## Task to complete
In the listing below, find the line holding "c' = perm_count3" and the line holding "unfolding P_def by auto". Write out those two lines and all lines between, exactly, and nothing more.

## Data for the task
lemma mset3_eq_cases:
  assumes "mset [a', b', c'] = mset [a, b, c]"
  shows "(a', b', c') = (a, b, c) \<or> (a', b', c') = (a, c, b) \<or> (a', b', c') = (b, a, c)
    \<or> (a', b', c') = (b, c, a) \<or> (a', b', c') = (c, a, b) \<or> (a', b', c') = (c, b, a)"
  using assms by (auto simp: add_eq_conv_ex)

lemma perm_count3_self:
  "perm_count3 a b c a b c = (if a = b \<and> b = c then 6 else if a = b \<or> b = c \<or> a = c then 2 else 1)"
  by (cases "a = b"; cases "b = c"; cases "a = c") (simp_all add: perm_count3_def)

lemma perm_count3_rearrange:
  assumes "mset [a', b', c'] = mset [a, b, c]"
  shows "perm_count3 a b c a' b' c' = perm_count3 a b c a b c"
  using mset3_eq_cases [OF assms]
  by (elim disjE; cases "a = b"; cases "b = c"; cases "a = c") (simp_all add: perm_count3_def)

lemma perm_count3_eq_0:
  assumes "mset [a', b', c'] \<noteq> mset [a, b, c]"
  shows "perm_count3 a b c a' b' c' = 0"
proof -
  have "(a', b', c') \<notin> {(a, b, c), (a, c, b), (b, a, c), (b, c, a), (c, a, b), (c, b, a)}"
    using assms by (auto simp: add_mset_commute)
  then show ?thesis
    unfolding perm_count3_def by (simp del: prod.inject)
qed
lemma hausdorff_dist_le_chain_sum:
  fixes F :: "'a::metric_space \<Rightarrow> 'a set" and p :: "real \<Rightarrow> 'a"
  assumes F: "\<And>x. F x \<noteq> {}" "\<And>x. bounded (F x)"
    and contraction: "uniform_pointwise_contraction F \<beta>"
    and p: "continuous_on {a..b} p" and "a \<le> b"
  shows "\<exists>ys. ascending_chain ys a b \<and>
    hausdorff_dist (F (p a)) (F (p b)) \<le> \<beta> * chain_sum (\<lambda>s t. dist (p s) (p t)) ys"
proof -
  define G where "G s t = hausdorff_dist (F (p s)) (F (p t))" for s t
  define D where "D s t = dist (p s) (p t)" for s t
  have G_triangle: "G r t \<le> G r s + G s t" for r s t
    unfolding G_def by (rule hausdorff_dist_triangle) (simp_all add: F)
  \<comment> \<open>Bolzano's local hypothesis also covers intervals leaving [a, b]; the guard makes them trivial.\<close>
  define P where "P u v \<longleftrightarrow> a \<le> u \<longrightarrow> v \<le> b \<longrightarrow>
    (\<exists>ys. ascending_chain ys u v \<and> G u v \<le> \<beta> * chain_sum D ys)" for u v
  have "P a b"
    using \<open>a \<le> b\<close>
  proof (induction rule: Bolzano[where P = P])
    case (trans r s t)
    show ?case unfolding P_def
    proof (intro impI)
      assume "a \<le> r" "t \<le> b"
      with trans obtain xs ys where chains: "ascending_chain xs r s" "ascending_chain ys s t"
        and "G r s \<le> \<beta> * chain_sum D xs" "G s t \<le> \<beta> * chain_sum D ys"
        unfolding P_def by auto
      moreover have "chain_sum D (xs @ tl ys) = chain_sum D xs + chain_sum D ys"
        using chains by (intro chain_sum_append) (auto simp: ascending_chain_def)
      ultimately show "\<exists>zs. ascending_chain zs r t \<and> G r t \<le> \<beta> * chain_sum D zs"
        using G_triangle[where r = r and s = s and t = t] ascending_chain_append[OF chains]
        by (intro exI[of _ "xs @ tl ys"]) (simp add: distrib_left)
    qed
  next
    case (local x)
    then obtain \<delta> where "\<delta> > 0"
      and \<delta>: "\<And>y. y \<in> {a..b} \<Longrightarrow> dist y x < \<delta> \<Longrightarrow> G x y \<le> \<beta> * D x y"
      using uniform_pointwise_contraction_continuous_on[OF contraction p, of x]
      unfolding G_def D_def by auto
    have "P u v" if "u \<le> x" "x \<le> v" "v - u < \<delta>" for u v
      unfolding P_def
    proof (intro impI)
      assume "a \<le> u" "v \<le> b"
      with that have "G x u \<le> \<beta> * D x u" "G x v \<le> \<beta> * D x v"
        by (auto intro!: \<delta> simp: dist_real_def)
      with G_triangle[where r = u and s = x and t = v]
      show "\<exists>ys. ascending_chain ys u v \<and> G u v \<le> \<beta> * chain_sum D ys"
        using that by (intro exI[of _ "[u, x, v]"])
          (auto simp: ascending_chain_def distrib_left G_def D_def hausdorff_dist_commute dist_commute)
    qed
    with \<open>\<delta> > 0\<close> show ?case by blast
  qed
  then show ?thesis unfolding P_def G_def D_def by simp
qed

lemma ascending_chain_refinement:
  fixes F :: "'a::metric_space \<Rightarrow> 'a set" and p :: "real \<Rightarrow> 'a"
  assumes F: "\<And>x. F x \<noteq> {}" "\<And>x. bounded (F x)"
    and contraction: "uniform_pointwise_contraction F \<beta>"
  shows "continuous_on {a..b} p \<Longrightarrow> ascending_chain xs a b \<Longrightarrow>
    \<exists>ys. ascending_chain ys a b \<and>
      chain_sum (\<lambda>s t. hausdorff_dist (F (p s)) (F (p t))) xs
        \<le> \<beta> * chain_sum (\<lambda>s t. dist (p s) (p t)) ys"
proof (induction xs arbitrary: a rule: induct_list012)
  case 1
  then show ?case by (simp add: ascending_chain_def)
next
  case (2 x)
  then show ?case by (intro exI[of _ "[x]"]) (simp add: ascending_chain_def)
next
  case (3 x y zs)
  define G where "G s t = hausdorff_dist (F (p s)) (F (p t))" for s t
  define D where "D s t = dist (p s) (p t)" for s t
  have "a = x" "x \<le> y" and tail: "ascending_chain (y # zs) y b"
    using "3.prems"(2) by (simp_all add: ascending_chain_Cons_Cons)
  then have "{x..y} \<subseteq> {a..b}" "{y..b} \<subseteq> {a..b}"
    using ascending_chain_subset[OF tail] by auto
  then have "continuous_on {x..y} p" "continuous_on {y..b} p"
    using "3.prems"(1) continuous_on_subset by blast+
  obtain ys where ys: "ascending_chain ys y b" "chain_sum G (y # zs) \<le> \<beta> * chain_sum D ys"
    using "3.IH"(2)[OF \<open>continuous_on {y..b} p\<close> tail] unfolding G_def D_def by blast
  obtain cs where cs: "ascending_chain cs x y" "G x y \<le> \<beta> * chain_sum D cs"
    using hausdorff_dist_le_chain_sum[OF F contraction \<open>continuous_on {x..y} p\<close> \<open>x \<le> y\<close>]
    unfolding G_def D_def by blast
  have "chain_sum D (cs @ tl ys) = chain_sum D cs + chain_sum D ys"
    using cs(1) ys(1) by (intro chain_sum_append) (auto simp: ascending_chain_def)
  then have "chain_sum G (x # y # zs) \<le> \<beta> * chain_sum D (cs @ tl ys)"
    using cs(2) ys(2) by (simp add: distrib_left)
  then show ?case
    using ascending_chain_append[OF cs(1) ys(1)] \<open>a = x\<close> unfolding G_def D_def by blast
qed

theorem lemma13:
  fixes F :: "'a::metric_space \<Rightarrow> 'a set" and \<beta> :: real and p :: "real \<Rightarrow> 'a"
  assumes "\<And>x. F x \<noteq> {} \<and> compact (F x)"
    and "uniform_pointwise_contraction F \<beta>"
    and "0 \<le> \<beta>" and "\<beta> < 1"
    and "continuous_on {0..1} p"
    and "path_length p < \<infinity>"
  shows "set_valued_path_length F p \<le> ereal \<beta> * path_length p
         \<and> ereal \<beta> * path_length p < \<infinity>"
proof
  define G where "G s t = hausdorff_dist (F (p s)) (F (p t))" for s t
  define D where "D s t = dist (p s) (p t)" for s t
  have F: "F x \<noteq> {}" "bounded (F x)" for x
    using assms(1) compact_imp_bounded by auto
  have "set_valued_path_length F p = (SUP xs\<in>{xs. ascending_chain xs 0 1}. ereal (chain_sum G xs))"
    unfolding set_valued_path_length_def G_def
    by (rule variation_eq_SUP_ascending_chains) (simp add: hausdorff_dist_self F)
  also have "\<dots> \<le> ereal \<beta> * path_length p"
  proof (rule SUP_least)
    fix xs :: "real list" assume "xs \<in> {xs. ascending_chain xs 0 1}"
    then obtain ys where ys: "ascending_chain ys 0 1" "chain_sum G xs \<le> \<beta> * chain_sum D ys"
      using ascending_chain_refinement[OF F assms(2,5)] unfolding G_def D_def by blast
    have "ereal (chain_sum D ys) \<le> path_length p"
      unfolding path_length_def D_def using ys(1) by (rule chain_sum_le_variation) simp
    then have "ereal \<beta> * ereal (chain_sum D ys) \<le> ereal \<beta> * path_length p"
      using assms(3) by (intro ereal_mult_left_mono) simp_all
    with ys(2) show "ereal (chain_sum G xs) \<le> ereal \<beta> * path_length p"
      by (metis ereal_less_eq(3) order_trans times_ereal.simps(1))
  qed
  finally show "set_valued_path_length F p \<le> ereal \<beta> * path_length p" .
  show "ereal \<beta> * path_length p < \<infinity>"
    using assms(3,6) by (cases "path_length p") auto
qed

end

## Solution for this exercise
  shows "perm_count3 a b c a' b' c' = perm_count3 a b c a b c"
  using mset3_eq_cases [OF assms]
  by (elim disjE; cases "a = b"; cases "b = c"; cases "a = c") (simp_all add: perm_count3_def)

lemma perm_count3_eq_0:
  assumes "mset [a', b', c'] \<noteq> mset [a, b, c]"
  shows "perm_count3 a b c a' b' c' = 0"
proof -
  have "(a', b', c') \<notin> {(a, b, c), (a, c, b), (b, a, c), (b, c, a), (c, a, b), (c, b, a)}"
    using assms by (auto simp: add_mset_commute)
  then show ?thesis
    unfolding perm_count3_def by (simp del: prod.inject)
qed
lemma hausdorff_dist_le_chain_sum:
  fixes F :: "'a::metric_space \<Rightarrow> 'a set" and p :: "real \<Rightarrow> 'a"
  assumes F: "\<And>x. F x \<noteq> {}" "\<And>x. bounded (F x)"
    and contraction: "uniform_pointwise_contraction F \<beta>"
    and p: "continuous_on {a..b} p" and "a \<le> b"
  shows "\<exists>ys. ascending_chain ys a b \<and>
    hausdorff_dist (F (p a)) (F (p b)) \<le> \<beta> * chain_sum (\<lambda>s t. dist (p s) (p t)) ys"
proof -
  define G where "G s t = hausdorff_dist (F (p s)) (F (p t))" for s t
  define D where "D s t = dist (p s) (p t)" for s t
  have G_triangle: "G r t \<le> G r s + G s t" for r s t
    unfolding G_def by (rule hausdorff_dist_triangle) (simp_all add: F)
  \<comment> \<open>Bolzano's local hypothesis also covers intervals leaving [a, b]; the guard makes them trivial.\<close>
  define P where "P u v \<longleftrightarrow> a \<le> u \<longrightarrow> v \<le> b \<longrightarrow>
    (\<exists>ys. ascending_chain ys u v \<and> G u v \<le> \<beta> * chain_sum D ys)" for u v
  have "P a b"
    using \<open>a \<le> b\<close>
  proof (induction rule: Bolzano[where P = P])
    case (trans r s t)
    show ?case unfolding P_def
    proof (intro impI)
      assume "a \<le> r" "t \<le> b"
      with trans obtain xs ys where chains: "ascending_chain xs r s" "ascending_chain ys s t"
        and "G r s \<le> \<beta> * chain_sum D xs" "G s t \<le> \<beta> * chain_sum D ys"
        unfolding P_def by auto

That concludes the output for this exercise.